lemma matrix_inv_diag_mat:
  assumes "\<forall>i. a $ i \<noteq> 0"
  shows "matrix_inv (diag_mat a) = diag_mat (\<chi> i. 1 / a $ i)"
proof (rule matrix_inv_unique_left)
  show "diag_mat (\<chi> i. 1 / a $ i) ** diag_mat a = mat 1"
    unfolding vec_eq_iff diag_mat_mult_nth using assms by (simp add: diag_mat_def mat_def)
qed

lemma vector_mult_ones_vT: "x v* ones_vT v = (\<Sum>i\<in>UNIV. x $ i) *\<^sub>R v"
  by (simp add: ones_vT_def vector_matrix_mult_def vec_eq_iff sum_distrib_right)

definition row_stochastic :: "real^'n^'n \<Rightarrow> bool" where
  "row_stochastic M \<longleftrightarrow> (\<forall>i j. 0 \<le> M $ i $ j) \<and> (\<forall>i. (\<Sum>j\<in>UNIV. M $ i $ j) = 1)"

lemma sum_vector_matrix_mult_stochastic:
  assumes "row_stochastic M"
  shows "(\<Sum>j\<in>UNIV. (x v* M) $ j) = (\<Sum>i\<in>UNIV. x $ i)"
  using assms
  by (simp add: row_stochastic_def vector_matrix_mult_def sum.swap[of _ UNIV]
      sum_distrib_left[symmetric])

lemma trans_matrix_nth:
  assumes "\<forall>i. (\<Sum>k\<in>UNIV. W $ i $ k) \<noteq> 0"
  shows "trans_matrix W $ i $ j = W $ i $ j / (\<Sum>k\<in>UNIV. W $ i $ k)"
proof -
  have "degree_matrix W = diag_mat (\<chi> i. \<Sum>k\<in>UNIV. W $ i $ k)"
    by (simp add: degree_matrix_def diag_mat_def vec_eq_iff)
  thus ?thesis
    using assms by (simp add: trans_matrix_def matrix_inv_diag_mat diag_mat_mult_nth)
qed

#### [Exercise goal]
So that nothing is lost, restate all the material word for word.

#### [Answer space]
lemma matrix_inv_diag_mat:
  assumes "\<forall>i. a $ i \<noteq> 0"
  shows "matrix_inv (diag_mat a) = diag_mat (\<chi> i. 1 / a $ i)"
proof (rule matrix_inv_unique_left)
  show "diag_mat (\<chi> i. 1 / a $ i) ** diag_mat a = mat 1"
    unfolding vec_eq_iff diag_mat_mult_nth using assms by (simp add: diag_mat_def mat_def)
qed

lemma vector_mult_ones_vT: "x v* ones_vT v = (\<Sum>i\<in>UNIV. x $ i) *\<^sub>R v"
  by (simp add: ones_vT_def vector_matrix_mult_def vec_eq_iff sum_distrib_right)

definition row_stochastic :: "real^'n^'n \<Rightarrow> bool" where
  "row_stochastic M \<longleftrightarrow> (\<forall>i j. 0 \<le> M $ i $ j) \<and> (\<forall>i. (\<Sum>j\<in>UNIV. M $ i $ j) = 1)"

lemma sum_vector_matrix_mult_stochastic:
  assumes "row_stochastic M"
  shows "(\<Sum>j\<in>UNIV. (x v* M) $ j) = (\<Sum>i\<in>UNIV. x $ i)"
  using assms
  by (simp add: row_stochastic_def vector_matrix_mult_def sum.swap[of _ UNIV]
      sum_distrib_left[symmetric])

lemma trans_matrix_nth:
  assumes "\<forall>i. (\<Sum>k\<in>UNIV. W $ i $ k) \<noteq> 0"
  shows "trans_matrix W $ i $ j = W $ i $ j / (\<Sum>k\<in>UNIV. W $ i $ k)"
proof -
  have "degree_matrix W = diag_mat (\<chi> i. \<Sum>k\<in>UNIV. W $ i $ k)"
    by (simp add: degree_matrix_def diag_mat_def vec_eq_iff)
  thus ?thesis
    using assms by (simp add: trans_matrix_def matrix_inv_diag_mat diag_mat_mult_nth)
qed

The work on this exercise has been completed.